_Data extracts_:
theorem htg_girth:
  "girth (htg_verts m n) (htg_adj m n l) = (if htg_exceptional m n l then 4 else 6)"
proof -
  obtain c where "is_cycle (htg_verts m n) (htg_adj m n l) c"
    and "length c = (if htg_exceptional m n l then 4 else 6)"
    using exceptional_four_cycle six_cycle by (cases "htg_exceptional m n l") auto
  then show ?thesis by (rule girth_eqI) (rule htg_cycle_length_lower_bound)
qed

end

lemma htg_simple_cubic_not_1_1:
  assumes "3 \<le> n"
  shows "\<not> htg_simple_cubic 1 n 1"
proof
  assume cubic: "htg_simple_cubic 1 n 1"
  have neighbours: "{w. htg_adj 1 n 1 (0, 1) w} \<subseteq> {(0, 0), (0, 2)}"
  proof
    fix w
    assume "w \<in> {w. htg_adj 1 n 1 (0, 1) w}"
    then have adj: "htg_adj 1 n 1 (0, 1) w" by simp
    then have "fst w = 0" and w: "snd w < n" unfolding htg_adj_iff htg_verts_def by auto
    have "[int 1 + 1 = int (snd w)] (mod int n) \<or> [int (snd w) + 1 = int 1] (mod int n)"
      using adj unfolding htg_adj_iff vertical_adj_iff horizontal_adj_def horizontal_edge_def
        flat_edge_def jump_edge_def by auto
    then have "snd w = 2 \<or> snd w = 0"
      using cong_shift_unique[where j = 1 and k = 1 and j' = "snd w" and j'' = 2 and n = n]
        cong_shift_unique_source[where j' = "snd w" and k = 1 and j = 1 and j'' = 0 and n = n]
        w assms
      by auto
    then show "w \<in> {(0, 0), (0, 2)}" using \<open>fst w = 0\<close> by (auto simp: prod_eq_iff)
  qed
  have "(0, 1) \<in> htg_verts 1 n" using assms unfolding htg_verts_def by simp
  then have "card {w. htg_adj 1 n 1 (0, 1) w} = 3"
    using cubic unfolding htg_simple_cubic_def by blast
  moreover have "card {w. htg_adj 1 n 1 (0, 1) w} \<le> card {(0::nat, 0::nat), (0, 2)}"
    by (rule card_mono[OF _ neighbours]) simp
  ultimately show False by simp
qed

theorem theorem5p1:
  fixes m n :: nat and l :: int
  assumes "m \<ge> 1" and "n \<ge> 4" and "even n"
    and "l mod 2 = int m mod 2"
    and "htg_simple_cubic m n l"
    and "0 \<le> l" and "2 * l \<le> int n"
  shows "girth (htg_verts m n) (htg_adj m n l) =
    (if n = 4
        \<or> (m = 1 \<and> n > 4 \<and> l = 3)
        \<or> (m = 1 \<and> n > 4 \<and> n mod 4 = 2 \<and> 2 * l = int n)
        \<or> (m = 1 \<and> n > 4 \<and> n mod 4 = 0 \<and> 2 * l = int n - 2)
        \<or> (m = 2 \<and> n > 4 \<and> (l = 0 \<or> l = 2))
     then 4 else 6)"
proof -
  have "l \<noteq> 1" if "m = 1"
    using htg_simple_cubic_not_1_1[of n] assms(2,5) that by auto
  then interpret htg_normal_form m n l
    by unfold_locales (use assms in auto)
  show ?thesis using htg_girth unfolding htg_exceptional_def .
qed

end
(* Let $a, b$ be integers with $0 < a \le b$ and let $L_{a,b} = \{C_{i,1} : 1 \le i \le a+1\} \cup \{C_{1,j} : 1 < j \le b+1\}$, of size $n = a+b+1$. Then on the $n \times n$ board, $\mathrm{cp}_{\mathrm{free}}(L_{a,b}) \ge 2$.
   Context: For integers $i,j$, $C_{i,j}$ denotes the unit square cell in column $i$ and row $j$ of the integer grid (columns numbered left to right, rows numbered top to bottom). A polyomino is a finite set of cells; its size is its number of cells. For a polyomino $\mathcal{P}$ of size $n$ the board is $\mathbb{B} = \{C_{i,j} : 1 \le i,j \le n\}$. The shift of $\mathcal{P}$ by integers $(c,d)$ is $\mathcal{P}+(c,d) = \{C_{x+c,y+d} : C_{x,y} \in \mathcal{P}\}$. The rotations of $L_{a,b}$ by $90^\circ, 180^\circ, 270^\circ$ clockwise are $LR_{a,b} = \{C_{i,1} : 1 \le i \le b+1\} \cup \{C_{b+1,j} : 1 \le j \le a+1\}$, $LR^2_{a,b} = \{C_{i,b+1} : 1 \le i \le a+1\} \cup \{C_{a+1,j} : 1 \le j \le b+1\}$, $LR^3_{a,b} = \{C_{i,a+1} : 1 \le i \le b+1\} \cup \{C_{1,j} : 1 \le j \le a+1\}$ (reflections are not allowed). A free copy of $L_{a,b}$ is any shift of $L_{a,b}$, $LR_{a,b}$, $LR^2_{a,b}$ or $LR^3_{a,b}$. A set of polyominoes is a valid arrangement if each is contained in $\mathbb{B}$ and they are pairwise disjoint. A free packing of $\mathcal{P}$ is a set of free copies of $\mathcal{P}$ forming a valid arrangement such that adding any further free copy of $\mathcal{P}$ yields an invalid arrangement. The clumsy free packing number $\mathrm{cp}_{\mathrm{free}}(\mathcal{P})$ is the minimum number of polyominoes in a free packing of $\mathcal{P}$ on the $n \times n$ board. *)

theory Defs
  imports Main
begin

text \<open>A cell C_{i,j} is the pair (i,j) :: int \<times> int (column i, row j).\<close>
type_synonym cell = "int \<times> int"

definition L :: "int \<Rightarrow> int \<Rightarrow> cell set" where
  "L a b = {(i,1) | i. 1 \<le> i \<and> i \<le> a+1} \<union> {(1,j) | j. 1 < j \<and> j \<le> b+1}"

definition LR :: "int \<Rightarrow> int \<Rightarrow> cell set" where
  "LR a b = {(i,1) | i. 1 \<le> i \<and> i \<le> b+1} \<union> {(b+1,j) | j. 1 \<le> j \<and> j \<le> a+1}"

definition LR2 :: "int \<Rightarrow> int \<Rightarrow> cell set" where
  "LR2 a b = {(i,b+1) | i. 1 \<le> i \<and> i \<le> a+1} \<union> {(a+1,j) | j. 1 \<le> j \<and> j \<le> b+1}"
lemma smoother_mult_vec:
  assumes b: "b \<in> carrier_vec n" and z1: "z1 \<in> carrier_vec n" and z2: "z2 \<in> carrier_vec m"
    and eqs: "Ls *\<^sub>v z1 + V *\<^sub>v z2 = b" "V\<^sup>T *\<^sub>v z1 = 0\<^sub>v m"
  shows "smoother l vs xs s *\<^sub>v b = b - s \<cdot>\<^sub>v z1"
proof -
  define u where "u = minv K *\<^sub>v b"
  have u: "u \<in> carrier_vec n" unfolding u_def using minv_carrier_mat[OF K_carrier] b by simp
  have Ku: "K *\<^sub>v u = b" unfolding u_def using mult_minv_mult_vec[OF K_carrier K_kernel b] .
  have Pb: "P *\<^sub>v b \<in> carrier_vec n" using P_carrier b by simp
  have "K *\<^sub>v (P *\<^sub>v b) = s \<cdot>\<^sub>v (P *\<^sub>v b)"
    using add_smult_one_mult_vec[OF Lt_carrier Pb] Ltilde_proj[OF b] Pb by simp
  then have "K *\<^sub>v (u - (1 / s) \<cdot>\<^sub>v (P *\<^sub>v b)) = R *\<^sub>v b"
    using Ku mult_minus_distrib_mat_vec[OF K_carrier u] mult_mat_vec[OF K_carrier Pb]
      residual_mult_vec[OF b] noise_pos Pb u by (simp add: smult_smult_assoc)
  then have z1_eq: "z1 = u - (1 / s) \<cdot>\<^sub>v (P *\<^sub>v b)"
    using minv_mult_vec_eqI[OF K_carrier K_kernel] K_first_block[OF z1 z2 eqs] z1 u Pb
    by (metis minus_carrier_vec smult_carrier_vec)
  have smoother_b: "smoother l vs xs s *\<^sub>v b = P *\<^sub>v b + Lt *\<^sub>v u"
    unfolding smoother_def u_def
    using add_mult_distrib_mat_vec[OF P_carrier
        mult_carrier_mat[OF Lt_carrier minv_carrier_mat[OF K_carrier]] b]
      assoc_mult_mat_vec[OF Lt_carrier minv_carrier_mat[OF K_carrier] b] by simp
  show ?thesis
  proof (rule eq_vecI)
    fix i assume "i < dim_vec (b - s \<cdot>\<^sub>v z1)"
    then have i: "i < n" using z1 by simp
    have Ltu: "(Lt *\<^sub>v u) $ i = b $ i - s * u $ i"
      using arg_cong[OF Ku, of "\<lambda>v. v $ i"] add_smult_one_mult_vec[OF Lt_carrier u] Lt_carrier u i
      by simp
    have "(smoother l vs xs s *\<^sub>v b) $ i = (P *\<^sub>v b) $ i + (Lt *\<^sub>v u) $ i"
      unfolding smoother_b using P_carrier Lt_carrier b u i by simp
    also have "\<dots> = (b - s \<cdot>\<^sub>v z1) $ i"
      unfolding Ltu z1_eq using noise_pos P_carrier b u i by (simp add: field_simps)
    finally show "(smoother l vs xs s *\<^sub>v b) $ i = (b - s \<cdot>\<^sub>v z1) $ i" .
  qed (use smoother_b Lt_carrier z1 in simp)
qed
(* Let $A,B,C$ be distinct letters in an $\alpha$-alphabet $\mathcal A$ and let $x,y,z,t$ be words in the alphabet $\mathcal A\setminus\{A,B,C\}$ such that $xyzt$ is a Gauss word in this alphabet. Then (i) $(\mathcal A,xAByCAzBCt)\simeq_S(\mathcal A,xBAyACzCBt)$ if $(|A|,\tau(|B|),|C|)\in S$; (ii) $(\mathcal A,xAByCAzCBt)\simeq_S(\mathcal A,xBAyACzBCt)$ if $(\tau(|A|),\tau(|B|),|C|)\in S$; (iii) $(\mathcal A,xAByACzCBt)\simeq_S(\mathcal A,xBAyCAzBCt)$ if $(|A|,\tau(|B|),\tau(|C|))\in S$.
   Context: Fix a set $\alpha$ with an involution $\tau$ and an arbitrary subset $S\subset\alpha\times\alpha\times\alpha$. An $\alpha$-alphabet is a set $\mathcal A$ with a map $A\mapsto|A|\in\alpha$. A Gauss word in a finite alphabet is a word in which each letter of the alphabet occurs exactly twice. A nanoword over $\alpha$ is a pair $(\mathcal A,w)$ with $\mathcal A$ a finite $\alpha$-alphabet and $w$ a Gauss word in $\mathcal A$. Nanowords are isomorphic if a bijection of alphabets preserving $|\cdot|$ carries one word letterwise to the other. $S$-homotopy moves ($x,y,z,t$ words in the remaining letters; smaller alphabets carry the restricted projection): (1) $(\mathcal A,xAAy)\mapsto(\mathcal A\setminus\{A\},xy)$; (2) $(\mathcal A,xAByBAz)\mapsto(\mathcal A\setminus\{A,B\},xyz)$ if $|B|=\tau(|A|)$; (3) $(\mathcal A,xAByACzBCt)\mapsto(\mathcal A,xBAyCAzCBt)$ if $A,B,C$ are distinct and $(|A|,|B|,|C|)\in S$. $S$-homotopy $\simeq_S$ is the equivalence relation generated by isomorphisms, these moves and their inverses. *)

theory Defs
  imports Main
begin

text \<open>A nanoword over alpha (type 'a) with letters of type 'l is a triple
  (alphabet, projection, word): the alphabet is a finite set of letters, the
  projection gives each letter its value |.| in alpha (only its values on the
  alphabet matter), and the word is a Gauss word in the alphabet.\<close>

type_synonym ('l, 'a) nanoword = "'l set \<times> ('l \<Rightarrow> 'a) \<times> 'l list"

definition gauss_word :: "'l set \<Rightarrow> 'l list \<Rightarrow> bool" where
  "gauss_word Al w \<longleftrightarrow> set w \<subseteq> Al \<and> (\<forall>a\<in>Al. count_list w a = 2)"

definition is_nanoword :: "('l, 'a) nanoword \<Rightarrow> bool" where
  "is_nanoword n \<longleftrightarrow> (case n of (Al, p, w) \<Rightarrow> finite Al \<and> gauss_word Al w)"

definition nano_iso :: "('l, 'a) nanoword \<Rightarrow> ('l, 'a) nanoword \<Rightarrow> bool" where
  "nano_iso n1 n2 \<longleftrightarrow> (case n1 of (Al1, p1, w1) \<Rightarrow> case n2 of (Al2, p2, w2) \<Rightarrow>
     is_nanoword n1 \<and> is_nanoword n2 \<and>
     (\<exists>f. bij_betw f Al1 Al2 \<and> (\<forall>a\<in>Al1. p2 (f a) = p1 a) \<and> map f w1 = w2))"

inductive nano_move :: "('a \<times> 'a \<times> 'a) set \<Rightarrow> ('a \<Rightarrow> 'a) \<Rightarrow>
    ('l, 'a) nanoword \<Rightarrow> ('l, 'a) nanoword \<Rightarrow> bool"
  for S :: "('a \<times> 'a \<times> 'a) set" and \<tau> :: "'a \<Rightarrow> 'a" where
  move1: "is_nanoword (Al, p, x @ [a, a] @ y) \<Longrightarrow>
          nano_move S \<tau> (Al, p, x @ [a, a] @ y) (Al - {a}, p, x @ y)"
| move2: "is_nanoword (Al, p, x @ [a, b] @ y @ [b, a] @ z) \<Longrightarrow> p b = \<tau> (p a) \<Longrightarrow>
          nano_move S \<tau> (Al, p, x @ [a, b] @ y @ [b, a] @ z) (Al - {a, b}, p, x @ y @ z)"
| move3: "is_nanoword (Al, p, x @ [a, b] @ y @ [a, c] @ z @ [b, c] @ t) \<Longrightarrow>
          a \<noteq> b \<Longrightarrow> a \<noteq> c \<Longrightarrow> b \<noteq> c \<Longrightarrow> (p a, p b, p c) \<in> S \<Longrightarrow>
          nano_move S \<tau> (Al, p, x @ [a, b] @ y @ [a, c] @ z @ [b, c] @ t)
                         (Al, p, x @ [b, a] @ y @ [c, a] @ z @ [c, b] @ t)"

definition nano_homotopic :: "('a \<times> 'a \<times> 'a) set \<Rightarrow> ('a \<Rightarrow> 'a) \<Rightarrow>
    ('l, 'a) nanoword \<Rightarrow> ('l, 'a) nanoword \<Rightarrow> bool" where
  "nano_homotopic S \<tau> = (\<lambda>u v. nano_iso u v \<or> nano_move S \<tau> u v \<or> nano_move S \<tau> v u)\<^sup>*\<^sup>*"

end

theory Submission
  imports Defs "HOL-Library.Multiset"
begin

text \<open>Each relation comes from one move performed in a longer word. An inverse second move
  inserts a cancelling pair of fresh letters; in the longer word the relevant three letters form
  the pattern of a third move (case (i)) or of case (i) itself (cases (ii) and (iii)). After that
  move one fresh letter cancels against an original letter by a second move, and the other fresh
  letter is renamed to that original letter.\<close>

lemma gauss_word_iff_mset:
  assumes "finite Al"
  shows "gauss_word Al w \<longleftrightarrow> mset w = mset_set Al + mset_set Al"
proof -
  have "gauss_word Al w \<longleftrightarrow> (\<forall>a. count_list w a = (if a \<in> Al then 2 else 0))"
    unfolding gauss_word_def by (auto simp: count_list_0_iff)
  also have "\<dots> \<longleftrightarrow> mset w = mset_set Al + mset_set Al"
    using assms by (auto simp: multiset_eq_iff count_mset count_mset_set')
  finally show ?thesis .
qed
definition mobius :: "nat \<Rightarrow> real" where
  "mobius n = (if n = 0 then 0 else if squarefree n then (-1) ^ card (prime_factors n) else 0)"

definition free_ind :: "nat \<Rightarrow> nat \<Rightarrow> real" where
  "free_ind j n = (if n \<ge> 1 \<and> (\<forall>p. prime p \<longrightarrow> \<not> p ^ j dvd n) then 1 else 0)"

definition wprod :: "nat \<Rightarrow> nat \<Rightarrow> real" where
  "wprod k n = (\<Prod>p\<in>prime_factors n. 1 / (real p ^ k - 1)\<^sup>2)"

definition Ztilde :: "nat \<Rightarrow> nat \<Rightarrow> real" where
  "Ztilde k N = (\<Sum>\<^sub>\<infinity>q\<in>{1..}. free_ind (k+1) q * wprod k q *
      real (card {m::nat. 1 \<le> m \<and> real m \<le> real q / real N \<and> coprime m q}))"

definition zk :: "nat \<Rightarrow> nat \<Rightarrow> real" where
  "zk k c = (\<Sum>\<^sub>\<infinity>r\<in>{r. r \<ge> 1 \<and> r \<ge> c}. \<Sum>\<^sub>\<infinity>d\<in>{1..}.
      mobius d * free_ind (k+1) (d * r) * wprod k (d * r))"

end

theory Submission
  imports Defs
begin

(* Substituting q = d * r turns the triple sum over (c, r, d) into a sum over q of
   free_ind (k+1) q * wprod k q times the sum of mobius d over the pairs (d, c) with
   d dvd q, N dvd c and c * d <= q.  Grouping these pairs by m = c * d / N and using
   that mobius sums to [gcd m q = 1] over the divisors of gcd m q leaves the number of
   m <= q / N coprime to q, which is the summand of Ztilde.  The rearrangements are
   justified by absolute convergence: there are at most q * tau(q) pairs, and the sum of
   wprod k q * q * tau(q) over (k+1)-free q is bounded by an Euler product whose factors
   are 1 + O(k^2 / p^2), which converges because k >= 2. *)

lemma free_ind_nonneg: "free_ind j n \<ge> 0"
  by (simp add: free_ind_def)

lemma free_ind_multiplicity_le:
  assumes "free_ind (k + 1) q = 1" "prime p"
  shows "multiplicity p q \<le> k"
proof (rule ccontr)
  assume "\<not> multiplicity p q \<le> k"
  then have "p ^ (k + 1) dvd q"
    by (intro multiplicity_dvd') simp
  with assms show False
    by (auto simp: free_ind_def split: if_splits)
qed

lemma wprod_nonneg: "wprod k n \<ge> 0"
  unfolding wprod_def by (intro prod_nonneg) auto

lemma abs_mobius_le: "\<bar>mobius n\<bar> \<le> 1"
  by (simp add: mobius_def)

lemma mobius_prime_mult:
  assumes "prime p" "\<not> p dvd d"
  shows "mobius (p * d) = - mobius d"
proof -
  have "d \<noteq> 0" using assms(2) by (metis dvd_0_right)
  have "coprime p d" using assms by (rule prime_imp_coprime)
  have "squarefree (p * d) \<longleftrightarrow> squarefree d"
    using squarefree_mult_coprime[OF \<open>coprime p d\<close>] squarefree_multD[of p d]
          squarefree_prime_elem assms(1) by blast
  moreover have "prime_factors (p * d) = insert p (prime_factors d)"
    using assms \<open>d \<noteq> 0\<close> by (simp add: prime_factors_product prime_gt_0_nat prime_prime_factors)
  moreover have "p \<notin> prime_factors d" using assms(2) by auto
  ultimately show ?thesis
    using assms \<open>d \<noteq> 0\<close> by (simp add: mobius_def)
qed

lemma mobius_prime_mult_eq_0:
  assumes "prime p" "p dvd d"
  shows "mobius (p * d) = 0"
proof -
  have "p\<^sup>2 dvd p * d" using assms(2) by (simp add: power2_eq_square)
  then have "\<not> squarefree (p * d)"
    using assms(1) by (auto simp: squarefree_def)
  then show ?thesis by (simp add: mobius_def)
qed
lemma lin_ext_sum:
  assumes "finite S" "\<And>b. b \<in> S \<Longrightarrow> finite {y. h b y \<noteq> 0}"
  shows "lin_ext g (\<lambda>y. \<Sum>b\<in>S. w b * h b y) y' = (\<Sum>b\<in>S. w b * lin_ext g (h b) y')"
proof -
  define T where "T = (\<Union>b\<in>S. {y. h b y \<noteq> 0})"
  have fT: "finite T" using assms unfolding T_def by auto
  have supp: "{y. h b y \<noteq> 0} \<subseteq> T" if "b \<in> S" for b using that unfolding T_def by auto
  have "{y. (\<Sum>b\<in>S. w b * h b y) \<noteq> 0} \<subseteq> T"
    by (auto elim!: sum.not_neutral_contains_not_neutral simp: T_def)
  then have "lin_ext g (\<lambda>y. \<Sum>b\<in>S. w b * h b y) y' = (\<Sum>t\<in>T. (\<Sum>b\<in>S. w b * h b t) * g t y')"
    by (rule lin_ext_superset[OF fT])
  also have "\<dots> = (\<Sum>b\<in>S. w b * (\<Sum>t\<in>T. h b t * g t y'))"
    by (simp only: sum_distrib_left sum_distrib_right mult.assoc) (rule sum.swap)
  also have "\<dots> = (\<Sum>b\<in>S. w b * lin_ext g (h b) y')"
    by (intro sum.cong refl) (simp add: lin_ext_superset[OF fT supp])
  finally show ?thesis .
qed

lemma lin_ext_bvec: "lin_ext g (bvec x) = g x"
  by (rule ext, subst lin_ext_superset[of "{x}"]) (auto simp: bvec_def)

lemma lin_ext_bvec_diff: "lin_ext g (\<lambda>y. bvec u y - bvec v y) y' = g u y' - g v y'"
proof (cases "u = v")
  case True
  then show ?thesis by (simp add: lin_ext_def)
next
  case False
  then show ?thesis by (subst lin_ext_superset[of "{u, v}"]) (auto simp: bvec_def)
qed

lemma finite_support_bvec: "finite {y. (bvec x :: _ \<Rightarrow> 'k::field) y \<noteq> 0}"
  by (rule finite_subset[of _ "{x}"]) (auto simp: bvec_def)
text \<open>\<open>\<Theta> \<ge> m\<close> and \<open>f < C\<close> give \<open>arctan f' \<ge> m - (n - 1) arctan C > -\<pi>/2\<close>.\<close>
lemma slope_bounded_below: "\<exists>L. \<forall>t x. (t, x) \<in> S \<longrightarrow> L \<le> D 0 1 (t, x)"
proof -
  obtain m where m: "real (n - 2) * (pi / 2) < m" "\<forall>z\<in>S. m \<le> phase z"
    using phase_lower_bound by blast
  obtain C where C: "\<forall>t x. (t, x) \<in> S \<longrightarrow> D 0 0 (t, x) < C"
    using flow_bounded_above by blast
  define \<theta> where "\<theta> = m - real (n - 1) * arctan C"
  have "\<theta> \<le> arctan (D 0 1 (t, x))" if "(t, x) \<in> S" for t x
  proof -
    have "D 0 0 (t, x) / x \<le> D 0 0 (t, x)"
      using flow_positive[OF that] that by (simp add: mem_S divide_le_eq mult_le_cancel_left1)
    also have "\<dots> < C"
      using C that by blast
    finally have "arctan (D 0 0 (t, x) / x) \<le> arctan C"
      by (simp add: arctan_le_iff)
    then have "real (n - 1) * arctan (D 0 0 (t, x) / x) \<le> real (n - 1) * arctan C"
      by (rule mult_left_mono) simp
    then show ?thesis
      using m(2) that unfolding \<theta>_def phase_def by fastforce
  qed
  moreover have "- (pi / 2) < \<theta>"
  proof -
    have "real (n - 1) * arctan C < real (n - 1) * (pi / 2)"
      using N_ge_2 arctan_ubound[of C] by (intro mult_strict_left_mono) auto
    moreover have "real (n - 2) * (pi / 2) = real (n - 1) * (pi / 2) - pi / 2"
      unfolding real_n_minus_2 by (simp add: algebra_simps)
    ultimately show ?thesis
      using m(1) unfolding \<theta>_def by linarith
  qed
  ultimately have "tan \<theta> \<le> D 0 1 (t, x)" if "(t, x) \<in> S" for t x
    using arctan_tan[of \<theta>] arctan_ubound[of "D 0 1 (t, x)"] that
    by (metis arctan_le_iff order.strict_trans1)
  then show ?thesis by blast
qed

_Work to be completed_: Write down, word for word, the lines above from the one containing "w \<longleftrightarrow> mset" through the one containing "justified by absolute", both ends included.

_Answer below_:
  shows "gauss_word Al w \<longleftrightarrow> mset w = mset_set Al + mset_set Al"
proof -
  have "gauss_word Al w \<longleftrightarrow> (\<forall>a. count_list w a = (if a \<in> Al then 2 else 0))"
    unfolding gauss_word_def by (auto simp: count_list_0_iff)
  also have "\<dots> \<longleftrightarrow> mset w = mset_set Al + mset_set Al"
    using assms by (auto simp: multiset_eq_iff count_mset count_mset_set')
  finally show ?thesis .
qed
definition mobius :: "nat \<Rightarrow> real" where
  "mobius n = (if n = 0 then 0 else if squarefree n then (-1) ^ card (prime_factors n) else 0)"

definition free_ind :: "nat \<Rightarrow> nat \<Rightarrow> real" where
  "free_ind j n = (if n \<ge> 1 \<and> (\<forall>p. prime p \<longrightarrow> \<not> p ^ j dvd n) then 1 else 0)"

definition wprod :: "nat \<Rightarrow> nat \<Rightarrow> real" where
  "wprod k n = (\<Prod>p\<in>prime_factors n. 1 / (real p ^ k - 1)\<^sup>2)"

definition Ztilde :: "nat \<Rightarrow> nat \<Rightarrow> real" where
  "Ztilde k N = (\<Sum>\<^sub>\<infinity>q\<in>{1..}. free_ind (k+1) q * wprod k q *
      real (card {m::nat. 1 \<le> m \<and> real m \<le> real q / real N \<and> coprime m q}))"

definition zk :: "nat \<Rightarrow> nat \<Rightarrow> real" where
  "zk k c = (\<Sum>\<^sub>\<infinity>r\<in>{r. r \<ge> 1 \<and> r \<ge> c}. \<Sum>\<^sub>\<infinity>d\<in>{1..}.
      mobius d * free_ind (k+1) (d * r) * wprod k (d * r))"

end

theory Submission
  imports Defs
begin

(* Substituting q = d * r turns the triple sum over (c, r, d) into a sum over q of
   free_ind (k+1) q * wprod k q times the sum of mobius d over the pairs (d, c) with
   d dvd q, N dvd c and c * d <= q.  Grouping these pairs by m = c * d / N and using
   that mobius sums to [gcd m q = 1] over the divisors of gcd m q leaves the number of
   m <= q / N coprime to q, which is the summand of Ztilde.  The rearrangements are
   justified by absolute convergence: there are at most q * tau(q) pairs, and the sum of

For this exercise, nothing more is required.